[Opening DATA PROVIDED section]
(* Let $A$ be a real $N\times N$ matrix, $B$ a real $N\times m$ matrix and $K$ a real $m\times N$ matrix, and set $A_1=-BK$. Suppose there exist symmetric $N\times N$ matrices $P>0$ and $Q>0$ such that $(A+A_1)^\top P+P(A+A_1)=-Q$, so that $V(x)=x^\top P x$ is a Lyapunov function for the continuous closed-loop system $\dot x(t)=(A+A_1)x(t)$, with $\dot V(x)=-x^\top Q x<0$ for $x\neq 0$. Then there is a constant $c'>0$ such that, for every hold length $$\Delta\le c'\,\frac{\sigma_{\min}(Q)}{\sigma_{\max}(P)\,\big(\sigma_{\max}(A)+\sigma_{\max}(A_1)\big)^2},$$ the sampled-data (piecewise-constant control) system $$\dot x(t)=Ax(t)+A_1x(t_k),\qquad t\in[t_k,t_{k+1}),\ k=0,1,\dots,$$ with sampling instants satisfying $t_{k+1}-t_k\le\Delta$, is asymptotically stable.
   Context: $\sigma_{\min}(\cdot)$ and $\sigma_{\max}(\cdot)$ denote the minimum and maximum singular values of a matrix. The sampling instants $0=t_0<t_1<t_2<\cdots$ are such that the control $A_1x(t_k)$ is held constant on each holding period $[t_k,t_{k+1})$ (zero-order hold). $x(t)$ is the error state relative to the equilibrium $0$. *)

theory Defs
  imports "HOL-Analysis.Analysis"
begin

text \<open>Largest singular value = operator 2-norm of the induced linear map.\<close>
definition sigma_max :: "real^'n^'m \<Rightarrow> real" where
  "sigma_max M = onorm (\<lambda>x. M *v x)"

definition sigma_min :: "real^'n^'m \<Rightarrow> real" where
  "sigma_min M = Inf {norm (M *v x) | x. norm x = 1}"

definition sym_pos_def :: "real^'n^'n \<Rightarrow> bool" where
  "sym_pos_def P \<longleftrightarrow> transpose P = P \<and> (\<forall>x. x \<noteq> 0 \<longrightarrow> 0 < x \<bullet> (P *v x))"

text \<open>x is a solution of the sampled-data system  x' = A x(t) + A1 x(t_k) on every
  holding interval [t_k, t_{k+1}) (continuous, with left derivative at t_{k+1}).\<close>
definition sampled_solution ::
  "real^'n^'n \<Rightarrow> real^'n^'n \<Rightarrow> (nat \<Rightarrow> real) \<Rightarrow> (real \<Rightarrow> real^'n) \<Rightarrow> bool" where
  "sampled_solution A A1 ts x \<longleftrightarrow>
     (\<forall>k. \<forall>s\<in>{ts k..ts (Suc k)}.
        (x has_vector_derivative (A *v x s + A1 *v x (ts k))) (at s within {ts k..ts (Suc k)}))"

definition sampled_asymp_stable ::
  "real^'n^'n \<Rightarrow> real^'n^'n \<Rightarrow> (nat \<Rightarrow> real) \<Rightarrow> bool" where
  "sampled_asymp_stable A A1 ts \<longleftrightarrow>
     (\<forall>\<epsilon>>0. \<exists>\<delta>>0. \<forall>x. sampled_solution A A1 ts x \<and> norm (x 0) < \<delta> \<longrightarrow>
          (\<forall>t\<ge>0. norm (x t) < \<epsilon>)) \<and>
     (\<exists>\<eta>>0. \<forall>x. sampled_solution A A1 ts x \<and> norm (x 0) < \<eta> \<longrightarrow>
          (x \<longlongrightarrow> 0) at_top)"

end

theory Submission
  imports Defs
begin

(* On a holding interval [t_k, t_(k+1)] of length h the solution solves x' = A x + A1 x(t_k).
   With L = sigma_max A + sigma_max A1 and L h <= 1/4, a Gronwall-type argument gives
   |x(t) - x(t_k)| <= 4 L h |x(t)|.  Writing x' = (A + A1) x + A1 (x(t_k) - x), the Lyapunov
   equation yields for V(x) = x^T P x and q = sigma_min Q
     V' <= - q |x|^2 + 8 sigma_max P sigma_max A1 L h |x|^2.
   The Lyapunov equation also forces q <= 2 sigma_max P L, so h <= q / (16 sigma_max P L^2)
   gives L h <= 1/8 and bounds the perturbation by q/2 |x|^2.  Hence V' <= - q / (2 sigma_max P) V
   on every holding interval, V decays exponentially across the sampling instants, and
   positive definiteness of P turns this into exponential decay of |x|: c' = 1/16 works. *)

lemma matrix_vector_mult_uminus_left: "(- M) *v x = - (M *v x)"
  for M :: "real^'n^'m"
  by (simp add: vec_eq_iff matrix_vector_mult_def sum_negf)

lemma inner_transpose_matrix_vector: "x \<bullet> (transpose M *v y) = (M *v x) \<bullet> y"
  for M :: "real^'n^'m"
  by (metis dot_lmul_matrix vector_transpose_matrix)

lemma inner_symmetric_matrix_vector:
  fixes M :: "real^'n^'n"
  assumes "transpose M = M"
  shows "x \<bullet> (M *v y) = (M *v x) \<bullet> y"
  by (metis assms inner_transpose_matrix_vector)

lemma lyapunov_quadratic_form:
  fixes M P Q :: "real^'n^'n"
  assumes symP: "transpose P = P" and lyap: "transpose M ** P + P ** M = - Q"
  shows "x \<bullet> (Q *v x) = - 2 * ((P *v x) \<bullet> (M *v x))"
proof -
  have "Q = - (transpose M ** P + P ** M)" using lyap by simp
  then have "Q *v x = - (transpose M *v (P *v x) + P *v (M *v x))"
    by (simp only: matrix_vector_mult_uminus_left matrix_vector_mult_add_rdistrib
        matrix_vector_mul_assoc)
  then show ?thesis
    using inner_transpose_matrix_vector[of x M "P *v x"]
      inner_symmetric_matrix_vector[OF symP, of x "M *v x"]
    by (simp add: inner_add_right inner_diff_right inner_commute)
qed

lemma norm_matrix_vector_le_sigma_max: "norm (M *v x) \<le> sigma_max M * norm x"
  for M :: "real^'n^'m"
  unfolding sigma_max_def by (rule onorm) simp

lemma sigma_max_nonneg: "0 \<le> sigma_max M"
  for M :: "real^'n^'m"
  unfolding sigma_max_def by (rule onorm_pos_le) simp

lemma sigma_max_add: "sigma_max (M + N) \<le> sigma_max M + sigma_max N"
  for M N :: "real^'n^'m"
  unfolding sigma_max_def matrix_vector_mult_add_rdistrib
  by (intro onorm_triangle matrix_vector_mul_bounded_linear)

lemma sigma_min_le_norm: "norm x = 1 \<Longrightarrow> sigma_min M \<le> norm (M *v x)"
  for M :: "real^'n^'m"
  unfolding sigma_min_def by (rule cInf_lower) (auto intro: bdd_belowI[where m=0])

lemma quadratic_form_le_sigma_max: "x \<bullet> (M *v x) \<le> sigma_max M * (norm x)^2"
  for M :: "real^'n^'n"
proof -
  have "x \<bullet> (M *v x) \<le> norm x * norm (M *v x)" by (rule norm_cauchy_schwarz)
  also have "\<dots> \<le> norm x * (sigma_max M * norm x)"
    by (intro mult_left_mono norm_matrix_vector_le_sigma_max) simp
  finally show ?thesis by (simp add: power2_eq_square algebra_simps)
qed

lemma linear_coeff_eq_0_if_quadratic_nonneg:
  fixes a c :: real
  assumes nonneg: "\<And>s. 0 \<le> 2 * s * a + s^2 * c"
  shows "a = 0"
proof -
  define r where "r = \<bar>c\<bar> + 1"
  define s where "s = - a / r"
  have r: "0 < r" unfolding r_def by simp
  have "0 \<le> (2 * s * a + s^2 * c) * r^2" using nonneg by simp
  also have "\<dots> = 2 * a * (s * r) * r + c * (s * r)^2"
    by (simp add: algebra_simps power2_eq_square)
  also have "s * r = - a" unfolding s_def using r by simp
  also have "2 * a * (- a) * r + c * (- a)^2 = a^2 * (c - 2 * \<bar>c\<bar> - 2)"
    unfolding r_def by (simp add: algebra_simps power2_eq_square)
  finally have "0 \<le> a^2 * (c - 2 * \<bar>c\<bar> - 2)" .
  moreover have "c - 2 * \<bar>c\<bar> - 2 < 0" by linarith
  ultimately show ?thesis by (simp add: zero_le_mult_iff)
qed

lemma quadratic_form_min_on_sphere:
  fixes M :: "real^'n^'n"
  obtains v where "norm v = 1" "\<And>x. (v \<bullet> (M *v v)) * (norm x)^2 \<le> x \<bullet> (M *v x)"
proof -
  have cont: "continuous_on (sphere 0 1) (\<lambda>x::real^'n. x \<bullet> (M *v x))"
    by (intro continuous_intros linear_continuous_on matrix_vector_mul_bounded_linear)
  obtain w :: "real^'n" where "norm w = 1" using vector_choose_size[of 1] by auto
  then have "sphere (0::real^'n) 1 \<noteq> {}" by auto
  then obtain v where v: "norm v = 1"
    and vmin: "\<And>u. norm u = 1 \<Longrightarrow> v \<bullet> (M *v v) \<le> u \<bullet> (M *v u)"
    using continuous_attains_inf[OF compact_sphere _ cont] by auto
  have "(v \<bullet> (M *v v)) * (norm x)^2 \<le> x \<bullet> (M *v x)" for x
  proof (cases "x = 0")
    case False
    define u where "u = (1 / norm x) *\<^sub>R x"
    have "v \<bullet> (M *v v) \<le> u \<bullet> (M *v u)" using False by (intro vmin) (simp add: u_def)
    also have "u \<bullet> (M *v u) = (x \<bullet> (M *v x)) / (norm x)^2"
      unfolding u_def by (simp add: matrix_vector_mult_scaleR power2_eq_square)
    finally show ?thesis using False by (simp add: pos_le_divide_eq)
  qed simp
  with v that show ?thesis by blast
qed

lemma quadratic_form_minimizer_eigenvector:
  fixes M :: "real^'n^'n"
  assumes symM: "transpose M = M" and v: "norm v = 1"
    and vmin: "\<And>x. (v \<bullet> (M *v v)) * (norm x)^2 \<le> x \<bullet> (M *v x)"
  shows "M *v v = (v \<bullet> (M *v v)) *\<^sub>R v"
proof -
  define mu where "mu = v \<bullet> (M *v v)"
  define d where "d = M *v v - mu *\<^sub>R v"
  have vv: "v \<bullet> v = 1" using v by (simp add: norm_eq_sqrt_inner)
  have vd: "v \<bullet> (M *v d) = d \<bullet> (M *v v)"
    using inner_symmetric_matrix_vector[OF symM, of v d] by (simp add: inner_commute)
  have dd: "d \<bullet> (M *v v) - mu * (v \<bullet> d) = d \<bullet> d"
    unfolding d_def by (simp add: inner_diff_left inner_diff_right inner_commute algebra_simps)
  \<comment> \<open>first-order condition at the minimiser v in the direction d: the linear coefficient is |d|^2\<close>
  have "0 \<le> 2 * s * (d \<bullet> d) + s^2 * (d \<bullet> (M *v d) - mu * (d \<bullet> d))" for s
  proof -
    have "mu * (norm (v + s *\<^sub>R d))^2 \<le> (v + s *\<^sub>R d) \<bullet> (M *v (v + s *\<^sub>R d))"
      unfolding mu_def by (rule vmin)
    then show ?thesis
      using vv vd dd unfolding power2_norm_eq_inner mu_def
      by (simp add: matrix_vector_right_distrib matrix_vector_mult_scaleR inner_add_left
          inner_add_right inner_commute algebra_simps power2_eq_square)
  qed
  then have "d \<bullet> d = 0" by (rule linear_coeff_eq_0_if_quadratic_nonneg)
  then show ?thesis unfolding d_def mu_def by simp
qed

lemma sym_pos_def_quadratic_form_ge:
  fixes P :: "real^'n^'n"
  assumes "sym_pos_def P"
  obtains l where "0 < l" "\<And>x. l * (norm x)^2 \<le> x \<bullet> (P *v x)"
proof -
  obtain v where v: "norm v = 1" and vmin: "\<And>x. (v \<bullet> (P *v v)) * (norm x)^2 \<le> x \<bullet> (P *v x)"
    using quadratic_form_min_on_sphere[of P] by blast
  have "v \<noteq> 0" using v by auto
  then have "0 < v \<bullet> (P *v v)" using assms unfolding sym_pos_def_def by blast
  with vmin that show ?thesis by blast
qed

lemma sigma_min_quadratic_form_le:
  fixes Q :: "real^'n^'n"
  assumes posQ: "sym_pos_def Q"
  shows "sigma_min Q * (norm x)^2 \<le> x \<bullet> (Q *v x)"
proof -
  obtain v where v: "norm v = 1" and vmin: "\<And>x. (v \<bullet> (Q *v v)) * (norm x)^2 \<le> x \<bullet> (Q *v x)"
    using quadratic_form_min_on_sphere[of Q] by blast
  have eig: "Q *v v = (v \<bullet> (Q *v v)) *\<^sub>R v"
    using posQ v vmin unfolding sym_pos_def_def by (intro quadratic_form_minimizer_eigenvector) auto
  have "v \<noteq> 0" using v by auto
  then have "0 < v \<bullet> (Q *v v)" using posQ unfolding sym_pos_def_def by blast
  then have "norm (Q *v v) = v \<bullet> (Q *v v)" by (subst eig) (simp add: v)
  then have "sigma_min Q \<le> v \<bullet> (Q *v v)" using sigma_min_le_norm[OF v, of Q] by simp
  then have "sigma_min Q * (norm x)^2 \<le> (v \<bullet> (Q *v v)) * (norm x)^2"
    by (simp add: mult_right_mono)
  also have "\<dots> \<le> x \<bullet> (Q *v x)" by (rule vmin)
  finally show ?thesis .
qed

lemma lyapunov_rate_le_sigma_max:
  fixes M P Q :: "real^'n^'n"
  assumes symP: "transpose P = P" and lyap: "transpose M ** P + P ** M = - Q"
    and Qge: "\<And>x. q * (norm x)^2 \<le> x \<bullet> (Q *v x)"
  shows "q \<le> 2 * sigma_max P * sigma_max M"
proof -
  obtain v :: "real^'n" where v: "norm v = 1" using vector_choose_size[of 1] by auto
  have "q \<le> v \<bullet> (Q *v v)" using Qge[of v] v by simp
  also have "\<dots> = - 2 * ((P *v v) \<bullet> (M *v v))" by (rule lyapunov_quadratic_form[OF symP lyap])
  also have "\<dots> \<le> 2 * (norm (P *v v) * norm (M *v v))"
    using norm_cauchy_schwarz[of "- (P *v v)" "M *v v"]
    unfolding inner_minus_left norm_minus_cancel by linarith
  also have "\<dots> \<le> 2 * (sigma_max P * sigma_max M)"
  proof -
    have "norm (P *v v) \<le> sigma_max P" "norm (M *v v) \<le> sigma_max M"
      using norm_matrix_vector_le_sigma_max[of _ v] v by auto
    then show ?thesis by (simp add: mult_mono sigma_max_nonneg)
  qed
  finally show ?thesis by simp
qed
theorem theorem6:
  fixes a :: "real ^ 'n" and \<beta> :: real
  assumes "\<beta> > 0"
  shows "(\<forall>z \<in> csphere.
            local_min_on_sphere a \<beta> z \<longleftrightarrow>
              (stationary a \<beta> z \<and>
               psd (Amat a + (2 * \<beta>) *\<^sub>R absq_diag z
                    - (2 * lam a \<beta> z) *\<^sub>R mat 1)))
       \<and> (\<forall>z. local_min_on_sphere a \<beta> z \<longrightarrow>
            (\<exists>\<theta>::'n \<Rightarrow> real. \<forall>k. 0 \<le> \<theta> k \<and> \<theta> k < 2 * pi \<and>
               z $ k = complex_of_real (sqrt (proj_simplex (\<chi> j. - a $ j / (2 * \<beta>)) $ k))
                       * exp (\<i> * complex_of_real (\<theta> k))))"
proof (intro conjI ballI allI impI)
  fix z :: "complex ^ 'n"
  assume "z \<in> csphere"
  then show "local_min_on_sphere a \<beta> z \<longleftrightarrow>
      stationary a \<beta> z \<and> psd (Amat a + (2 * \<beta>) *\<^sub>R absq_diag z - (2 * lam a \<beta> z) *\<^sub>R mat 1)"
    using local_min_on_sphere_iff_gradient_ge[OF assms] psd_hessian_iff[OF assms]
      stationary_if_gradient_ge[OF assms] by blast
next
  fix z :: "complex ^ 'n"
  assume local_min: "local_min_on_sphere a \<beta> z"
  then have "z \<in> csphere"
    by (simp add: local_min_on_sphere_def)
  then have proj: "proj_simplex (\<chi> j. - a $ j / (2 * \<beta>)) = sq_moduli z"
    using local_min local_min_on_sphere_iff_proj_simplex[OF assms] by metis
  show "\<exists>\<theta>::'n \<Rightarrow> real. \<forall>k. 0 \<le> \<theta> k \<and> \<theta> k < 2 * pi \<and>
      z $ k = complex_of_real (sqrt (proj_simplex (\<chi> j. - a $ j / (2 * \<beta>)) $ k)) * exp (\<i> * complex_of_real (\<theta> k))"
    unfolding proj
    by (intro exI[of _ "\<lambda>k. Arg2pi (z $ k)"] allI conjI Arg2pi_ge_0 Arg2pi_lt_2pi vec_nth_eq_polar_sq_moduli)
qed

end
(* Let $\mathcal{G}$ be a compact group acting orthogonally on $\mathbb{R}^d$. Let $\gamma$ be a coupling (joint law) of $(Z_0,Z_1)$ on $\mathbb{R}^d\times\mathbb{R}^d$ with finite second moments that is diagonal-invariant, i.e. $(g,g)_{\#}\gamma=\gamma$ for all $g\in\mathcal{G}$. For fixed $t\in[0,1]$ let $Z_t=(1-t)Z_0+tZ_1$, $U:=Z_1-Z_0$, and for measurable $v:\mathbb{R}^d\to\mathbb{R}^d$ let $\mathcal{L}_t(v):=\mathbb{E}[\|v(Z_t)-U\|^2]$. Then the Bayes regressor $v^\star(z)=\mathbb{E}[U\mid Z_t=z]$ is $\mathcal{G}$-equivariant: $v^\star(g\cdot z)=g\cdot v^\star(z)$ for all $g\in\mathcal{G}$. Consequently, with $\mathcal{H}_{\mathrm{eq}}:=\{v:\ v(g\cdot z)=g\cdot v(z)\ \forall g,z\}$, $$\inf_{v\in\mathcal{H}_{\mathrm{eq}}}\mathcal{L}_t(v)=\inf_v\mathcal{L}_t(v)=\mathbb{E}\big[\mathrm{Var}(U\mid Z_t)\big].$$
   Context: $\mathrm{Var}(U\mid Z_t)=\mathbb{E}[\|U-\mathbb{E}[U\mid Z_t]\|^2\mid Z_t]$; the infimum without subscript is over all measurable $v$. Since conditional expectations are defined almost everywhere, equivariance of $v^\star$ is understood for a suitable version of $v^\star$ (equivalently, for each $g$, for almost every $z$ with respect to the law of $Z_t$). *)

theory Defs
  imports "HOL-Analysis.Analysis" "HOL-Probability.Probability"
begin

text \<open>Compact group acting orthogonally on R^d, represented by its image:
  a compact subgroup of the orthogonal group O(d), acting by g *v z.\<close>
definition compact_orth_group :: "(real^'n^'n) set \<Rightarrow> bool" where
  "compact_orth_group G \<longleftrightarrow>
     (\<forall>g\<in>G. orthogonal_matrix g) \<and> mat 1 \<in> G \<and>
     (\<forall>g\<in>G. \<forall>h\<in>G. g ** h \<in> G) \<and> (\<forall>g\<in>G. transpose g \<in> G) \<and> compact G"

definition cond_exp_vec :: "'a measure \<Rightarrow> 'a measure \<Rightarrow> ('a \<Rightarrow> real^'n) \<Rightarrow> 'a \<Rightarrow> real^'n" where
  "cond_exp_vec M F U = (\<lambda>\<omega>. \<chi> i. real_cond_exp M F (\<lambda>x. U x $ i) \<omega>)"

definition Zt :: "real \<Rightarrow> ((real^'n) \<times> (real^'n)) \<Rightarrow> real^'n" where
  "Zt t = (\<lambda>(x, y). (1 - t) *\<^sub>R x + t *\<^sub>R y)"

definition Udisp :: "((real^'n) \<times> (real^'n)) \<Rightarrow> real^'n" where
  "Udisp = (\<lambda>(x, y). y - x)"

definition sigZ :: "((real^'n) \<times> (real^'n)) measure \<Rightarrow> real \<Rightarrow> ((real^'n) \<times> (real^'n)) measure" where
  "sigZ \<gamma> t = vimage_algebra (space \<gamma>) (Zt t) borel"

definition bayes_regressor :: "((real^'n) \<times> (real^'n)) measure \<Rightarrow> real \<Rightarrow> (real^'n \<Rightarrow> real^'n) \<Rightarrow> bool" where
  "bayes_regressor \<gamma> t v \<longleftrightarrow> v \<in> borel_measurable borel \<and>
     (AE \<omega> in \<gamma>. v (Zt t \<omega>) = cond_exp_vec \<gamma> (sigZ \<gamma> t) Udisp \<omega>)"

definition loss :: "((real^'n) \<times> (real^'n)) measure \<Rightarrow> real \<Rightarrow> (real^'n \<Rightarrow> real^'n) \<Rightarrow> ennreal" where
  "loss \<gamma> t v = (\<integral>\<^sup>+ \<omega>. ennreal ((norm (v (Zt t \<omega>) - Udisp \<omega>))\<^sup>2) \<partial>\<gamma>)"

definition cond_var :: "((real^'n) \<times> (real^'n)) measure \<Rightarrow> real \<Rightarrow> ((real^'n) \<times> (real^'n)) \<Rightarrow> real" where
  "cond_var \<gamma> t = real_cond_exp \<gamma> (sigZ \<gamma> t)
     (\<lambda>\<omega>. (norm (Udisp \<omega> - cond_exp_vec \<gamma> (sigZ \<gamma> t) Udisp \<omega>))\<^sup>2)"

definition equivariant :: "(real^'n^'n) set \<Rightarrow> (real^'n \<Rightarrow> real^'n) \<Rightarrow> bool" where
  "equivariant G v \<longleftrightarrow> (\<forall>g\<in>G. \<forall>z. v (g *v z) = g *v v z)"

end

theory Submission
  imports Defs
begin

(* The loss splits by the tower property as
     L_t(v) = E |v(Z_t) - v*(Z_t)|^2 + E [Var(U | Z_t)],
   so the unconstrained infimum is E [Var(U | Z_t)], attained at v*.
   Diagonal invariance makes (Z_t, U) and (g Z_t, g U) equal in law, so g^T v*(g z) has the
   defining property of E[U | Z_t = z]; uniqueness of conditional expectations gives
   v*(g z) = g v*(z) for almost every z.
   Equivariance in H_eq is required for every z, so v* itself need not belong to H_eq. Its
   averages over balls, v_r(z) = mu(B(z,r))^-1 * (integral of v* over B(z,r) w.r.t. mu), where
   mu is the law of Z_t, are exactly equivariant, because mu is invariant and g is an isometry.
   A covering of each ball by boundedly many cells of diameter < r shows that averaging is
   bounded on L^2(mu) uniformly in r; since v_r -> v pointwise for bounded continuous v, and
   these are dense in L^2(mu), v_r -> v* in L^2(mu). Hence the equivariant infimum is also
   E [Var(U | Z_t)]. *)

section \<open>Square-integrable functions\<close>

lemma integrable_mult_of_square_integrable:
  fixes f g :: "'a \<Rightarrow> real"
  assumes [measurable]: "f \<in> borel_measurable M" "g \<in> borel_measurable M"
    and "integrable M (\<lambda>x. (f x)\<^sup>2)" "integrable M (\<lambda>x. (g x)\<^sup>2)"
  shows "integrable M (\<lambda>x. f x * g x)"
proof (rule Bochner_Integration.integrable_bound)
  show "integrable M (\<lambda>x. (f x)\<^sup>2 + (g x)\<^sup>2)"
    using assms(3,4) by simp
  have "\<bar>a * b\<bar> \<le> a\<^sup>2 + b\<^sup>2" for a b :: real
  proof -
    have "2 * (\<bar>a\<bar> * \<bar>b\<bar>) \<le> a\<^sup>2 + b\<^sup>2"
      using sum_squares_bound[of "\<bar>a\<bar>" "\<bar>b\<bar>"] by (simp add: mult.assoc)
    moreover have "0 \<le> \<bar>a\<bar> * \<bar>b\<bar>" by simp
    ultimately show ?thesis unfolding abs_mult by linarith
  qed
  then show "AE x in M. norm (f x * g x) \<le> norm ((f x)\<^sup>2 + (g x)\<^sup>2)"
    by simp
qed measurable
[Closing DATA PROVIDED section]
*TASK PROMPT*: Return exactly, and only, the lines from the start of the listing through the line with "real) \<Rightarrow> (real".

*WRITTEN ANSWER*:
(* Let $A$ be a real $N\times N$ matrix, $B$ a real $N\times m$ matrix and $K$ a real $m\times N$ matrix, and set $A_1=-BK$. Suppose there exist symmetric $N\times N$ matrices $P>0$ and $Q>0$ such that $(A+A_1)^\top P+P(A+A_1)=-Q$, so that $V(x)=x^\top P x$ is a Lyapunov function for the continuous closed-loop system $\dot x(t)=(A+A_1)x(t)$, with $\dot V(x)=-x^\top Q x<0$ for $x\neq 0$. Then there is a constant $c'>0$ such that, for every hold length $$\Delta\le c'\,\frac{\sigma_{\min}(Q)}{\sigma_{\max}(P)\,\big(\sigma_{\max}(A)+\sigma_{\max}(A_1)\big)^2},$$ the sampled-data (piecewise-constant control) system $$\dot x(t)=Ax(t)+A_1x(t_k),\qquad t\in[t_k,t_{k+1}),\ k=0,1,\dots,$$ with sampling instants satisfying $t_{k+1}-t_k\le\Delta$, is asymptotically stable.
   Context: $\sigma_{\min}(\cdot)$ and $\sigma_{\max}(\cdot)$ denote the minimum and maximum singular values of a matrix. The sampling instants $0=t_0<t_1<t_2<\cdots$ are such that the control $A_1x(t_k)$ is held constant on each holding period $[t_k,t_{k+1})$ (zero-order hold). $x(t)$ is the error state relative to the equilibrium $0$. *)

theory Defs
  imports "HOL-Analysis.Analysis"
begin

text \<open>Largest singular value = operator 2-norm of the induced linear map.\<close>
definition sigma_max :: "real^'n^'m \<Rightarrow> real" where
  "sigma_max M = onorm (\<lambda>x. M *v x)"

definition sigma_min :: "real^'n^'m \<Rightarrow> real" where
  "sigma_min M = Inf {norm (M *v x) | x. norm x = 1}"

definition sym_pos_def :: "real^'n^'n \<Rightarrow> bool" where
  "sym_pos_def P \<longleftrightarrow> transpose P = P \<and> (\<forall>x. x \<noteq> 0 \<longrightarrow> 0 < x \<bullet> (P *v x))"

text \<open>x is a solution of the sampled-data system  x' = A x(t) + A1 x(t_k) on every
  holding interval [t_k, t_{k+1}) (continuous, with left derivative at t_{k+1}).\<close>
definition sampled_solution ::
  "real^'n^'n \<Rightarrow> real^'n^'n \<Rightarrow> (nat \<Rightarrow> real) \<Rightarrow> (real \<Rightarrow> real^'n) \<Rightarrow> bool" where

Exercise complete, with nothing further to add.